Provided entries Start Marker

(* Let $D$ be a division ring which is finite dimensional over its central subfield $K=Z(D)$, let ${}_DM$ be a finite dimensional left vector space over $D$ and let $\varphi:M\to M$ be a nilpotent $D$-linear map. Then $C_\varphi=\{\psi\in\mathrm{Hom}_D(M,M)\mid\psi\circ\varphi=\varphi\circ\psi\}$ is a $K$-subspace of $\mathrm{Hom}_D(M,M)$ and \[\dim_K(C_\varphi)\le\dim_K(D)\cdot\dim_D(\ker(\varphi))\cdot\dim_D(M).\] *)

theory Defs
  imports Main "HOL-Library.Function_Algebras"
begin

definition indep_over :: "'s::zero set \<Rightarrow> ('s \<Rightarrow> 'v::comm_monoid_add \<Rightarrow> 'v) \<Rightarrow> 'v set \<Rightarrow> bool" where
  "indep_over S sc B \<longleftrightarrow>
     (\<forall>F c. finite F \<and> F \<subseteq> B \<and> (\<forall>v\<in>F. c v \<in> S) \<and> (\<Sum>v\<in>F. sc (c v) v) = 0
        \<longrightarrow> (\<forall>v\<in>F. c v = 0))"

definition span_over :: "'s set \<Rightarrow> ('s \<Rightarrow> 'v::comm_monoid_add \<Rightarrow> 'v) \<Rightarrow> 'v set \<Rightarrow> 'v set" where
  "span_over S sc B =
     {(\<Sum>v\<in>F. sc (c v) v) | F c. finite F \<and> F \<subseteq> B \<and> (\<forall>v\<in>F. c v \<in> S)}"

Provided entries End Marker
Provided entries Start Marker

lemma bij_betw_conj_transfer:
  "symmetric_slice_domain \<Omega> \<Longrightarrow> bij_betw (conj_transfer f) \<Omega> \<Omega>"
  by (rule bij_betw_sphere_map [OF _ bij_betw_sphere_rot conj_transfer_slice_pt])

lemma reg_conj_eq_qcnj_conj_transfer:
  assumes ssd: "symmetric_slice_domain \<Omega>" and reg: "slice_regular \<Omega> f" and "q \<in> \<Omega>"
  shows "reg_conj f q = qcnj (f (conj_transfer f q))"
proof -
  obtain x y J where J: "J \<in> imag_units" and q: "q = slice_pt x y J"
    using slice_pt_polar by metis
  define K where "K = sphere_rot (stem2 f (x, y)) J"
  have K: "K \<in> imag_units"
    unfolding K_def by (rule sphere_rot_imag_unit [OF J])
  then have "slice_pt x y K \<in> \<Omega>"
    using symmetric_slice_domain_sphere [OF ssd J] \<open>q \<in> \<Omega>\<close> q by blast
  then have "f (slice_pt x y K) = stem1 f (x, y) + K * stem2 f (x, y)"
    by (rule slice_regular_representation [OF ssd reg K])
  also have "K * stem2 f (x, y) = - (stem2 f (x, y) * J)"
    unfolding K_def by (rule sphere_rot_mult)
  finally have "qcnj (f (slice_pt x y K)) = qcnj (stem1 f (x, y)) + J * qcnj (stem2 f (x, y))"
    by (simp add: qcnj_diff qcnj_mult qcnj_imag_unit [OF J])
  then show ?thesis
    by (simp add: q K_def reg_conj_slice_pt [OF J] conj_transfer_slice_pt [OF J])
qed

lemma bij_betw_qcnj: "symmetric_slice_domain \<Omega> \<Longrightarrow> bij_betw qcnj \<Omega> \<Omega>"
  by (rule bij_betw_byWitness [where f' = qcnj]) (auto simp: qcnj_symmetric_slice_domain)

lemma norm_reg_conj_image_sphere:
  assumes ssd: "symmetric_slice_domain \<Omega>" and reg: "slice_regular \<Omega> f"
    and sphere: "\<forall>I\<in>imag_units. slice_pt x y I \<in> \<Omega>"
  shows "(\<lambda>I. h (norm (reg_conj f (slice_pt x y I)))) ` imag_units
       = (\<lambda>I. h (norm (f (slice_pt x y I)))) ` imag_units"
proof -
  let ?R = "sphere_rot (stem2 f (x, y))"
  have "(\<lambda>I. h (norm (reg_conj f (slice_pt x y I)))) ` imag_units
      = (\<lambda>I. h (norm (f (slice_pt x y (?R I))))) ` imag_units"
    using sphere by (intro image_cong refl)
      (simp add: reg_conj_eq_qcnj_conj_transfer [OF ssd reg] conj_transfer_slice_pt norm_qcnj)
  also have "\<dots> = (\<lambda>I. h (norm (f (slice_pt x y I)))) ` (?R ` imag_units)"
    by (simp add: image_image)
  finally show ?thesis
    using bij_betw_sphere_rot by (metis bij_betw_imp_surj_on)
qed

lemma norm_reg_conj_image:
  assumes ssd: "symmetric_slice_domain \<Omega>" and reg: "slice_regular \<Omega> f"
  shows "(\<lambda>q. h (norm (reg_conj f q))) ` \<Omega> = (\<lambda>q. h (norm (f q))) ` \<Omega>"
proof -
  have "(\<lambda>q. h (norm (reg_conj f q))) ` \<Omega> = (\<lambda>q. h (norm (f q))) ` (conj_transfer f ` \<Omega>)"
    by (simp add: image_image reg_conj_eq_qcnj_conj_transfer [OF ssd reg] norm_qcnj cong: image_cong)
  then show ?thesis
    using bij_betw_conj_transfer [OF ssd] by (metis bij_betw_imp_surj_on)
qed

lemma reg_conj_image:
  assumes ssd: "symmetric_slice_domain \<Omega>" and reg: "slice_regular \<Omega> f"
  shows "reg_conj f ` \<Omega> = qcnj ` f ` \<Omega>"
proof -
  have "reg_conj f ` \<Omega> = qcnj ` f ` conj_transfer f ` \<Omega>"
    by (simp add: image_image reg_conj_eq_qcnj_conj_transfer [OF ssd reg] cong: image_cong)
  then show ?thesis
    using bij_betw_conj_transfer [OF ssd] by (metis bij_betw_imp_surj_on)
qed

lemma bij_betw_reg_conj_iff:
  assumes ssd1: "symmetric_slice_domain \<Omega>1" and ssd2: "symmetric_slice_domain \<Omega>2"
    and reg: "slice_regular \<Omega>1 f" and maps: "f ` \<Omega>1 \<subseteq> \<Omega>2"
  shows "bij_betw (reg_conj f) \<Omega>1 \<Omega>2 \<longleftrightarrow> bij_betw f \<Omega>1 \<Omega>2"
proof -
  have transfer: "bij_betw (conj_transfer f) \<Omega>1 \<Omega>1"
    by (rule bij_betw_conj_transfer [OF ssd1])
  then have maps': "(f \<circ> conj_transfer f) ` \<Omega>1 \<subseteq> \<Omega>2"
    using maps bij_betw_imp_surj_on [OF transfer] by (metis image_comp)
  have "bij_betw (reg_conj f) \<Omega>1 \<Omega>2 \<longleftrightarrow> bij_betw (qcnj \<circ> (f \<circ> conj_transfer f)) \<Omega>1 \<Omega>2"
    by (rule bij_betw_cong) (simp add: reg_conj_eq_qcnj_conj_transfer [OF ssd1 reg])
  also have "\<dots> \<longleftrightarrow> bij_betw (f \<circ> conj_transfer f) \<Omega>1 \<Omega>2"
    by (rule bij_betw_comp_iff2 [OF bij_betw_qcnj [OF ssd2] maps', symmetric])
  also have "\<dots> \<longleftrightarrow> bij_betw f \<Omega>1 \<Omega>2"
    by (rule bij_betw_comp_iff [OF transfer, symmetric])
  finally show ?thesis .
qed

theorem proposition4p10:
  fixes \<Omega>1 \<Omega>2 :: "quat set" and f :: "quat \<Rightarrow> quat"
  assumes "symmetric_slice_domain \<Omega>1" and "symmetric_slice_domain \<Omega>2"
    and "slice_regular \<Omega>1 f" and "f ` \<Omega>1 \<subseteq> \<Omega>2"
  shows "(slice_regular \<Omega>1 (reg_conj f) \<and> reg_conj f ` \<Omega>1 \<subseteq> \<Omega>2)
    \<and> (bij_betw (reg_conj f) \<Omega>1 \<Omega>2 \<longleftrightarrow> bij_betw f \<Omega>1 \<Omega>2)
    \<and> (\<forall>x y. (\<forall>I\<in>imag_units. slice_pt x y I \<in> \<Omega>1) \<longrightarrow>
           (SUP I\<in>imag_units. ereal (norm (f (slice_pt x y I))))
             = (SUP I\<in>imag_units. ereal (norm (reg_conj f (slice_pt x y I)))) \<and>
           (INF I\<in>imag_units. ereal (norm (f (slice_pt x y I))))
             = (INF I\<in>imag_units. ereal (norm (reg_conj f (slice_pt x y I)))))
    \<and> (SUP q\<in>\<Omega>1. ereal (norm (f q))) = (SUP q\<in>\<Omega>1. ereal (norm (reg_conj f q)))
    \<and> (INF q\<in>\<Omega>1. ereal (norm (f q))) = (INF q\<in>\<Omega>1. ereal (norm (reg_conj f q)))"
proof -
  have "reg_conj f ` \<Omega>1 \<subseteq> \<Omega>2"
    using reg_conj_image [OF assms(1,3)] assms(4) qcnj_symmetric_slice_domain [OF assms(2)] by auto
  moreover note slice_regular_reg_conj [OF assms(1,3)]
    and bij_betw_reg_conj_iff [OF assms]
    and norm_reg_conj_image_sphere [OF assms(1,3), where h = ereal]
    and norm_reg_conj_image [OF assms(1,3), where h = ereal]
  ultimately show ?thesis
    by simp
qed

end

Provided entries End Marker
Provided entries Start Marker

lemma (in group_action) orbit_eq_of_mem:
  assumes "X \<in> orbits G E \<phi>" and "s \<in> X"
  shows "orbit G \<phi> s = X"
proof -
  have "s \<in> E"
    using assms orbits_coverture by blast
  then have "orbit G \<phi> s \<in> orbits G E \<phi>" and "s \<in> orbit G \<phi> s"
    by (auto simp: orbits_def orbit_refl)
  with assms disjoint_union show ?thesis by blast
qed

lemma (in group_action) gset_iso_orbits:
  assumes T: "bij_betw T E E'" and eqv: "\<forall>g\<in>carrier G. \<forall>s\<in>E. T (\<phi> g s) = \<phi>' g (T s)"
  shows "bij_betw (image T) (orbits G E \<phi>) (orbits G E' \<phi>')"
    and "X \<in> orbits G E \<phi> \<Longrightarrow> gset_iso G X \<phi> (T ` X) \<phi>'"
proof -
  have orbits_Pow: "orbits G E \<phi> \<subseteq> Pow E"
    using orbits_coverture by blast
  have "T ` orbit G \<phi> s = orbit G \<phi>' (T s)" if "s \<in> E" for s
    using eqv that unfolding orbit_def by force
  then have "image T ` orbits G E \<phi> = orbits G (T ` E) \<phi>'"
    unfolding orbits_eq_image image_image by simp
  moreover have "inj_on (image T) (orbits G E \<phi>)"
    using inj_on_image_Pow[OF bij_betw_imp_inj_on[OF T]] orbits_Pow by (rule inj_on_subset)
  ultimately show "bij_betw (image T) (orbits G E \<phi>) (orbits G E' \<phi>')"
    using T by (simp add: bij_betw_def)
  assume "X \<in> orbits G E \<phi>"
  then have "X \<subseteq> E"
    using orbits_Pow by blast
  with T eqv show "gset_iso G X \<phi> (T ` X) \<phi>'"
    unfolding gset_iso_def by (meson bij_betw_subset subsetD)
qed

Provided entries End Marker

The expected answer is a copy of each line above containing "metis".

» Answer box:
    using slice_pt_polar by metis
    using bij_betw_sphere_rot by (metis bij_betw_imp_surj_on)
    using bij_betw_conj_transfer [OF ssd] by (metis bij_betw_imp_surj_on)
    using bij_betw_conj_transfer [OF ssd] by (metis bij_betw_imp_surj_on)
    using maps bij_betw_imp_surj_on [OF transfer] by (metis image_comp)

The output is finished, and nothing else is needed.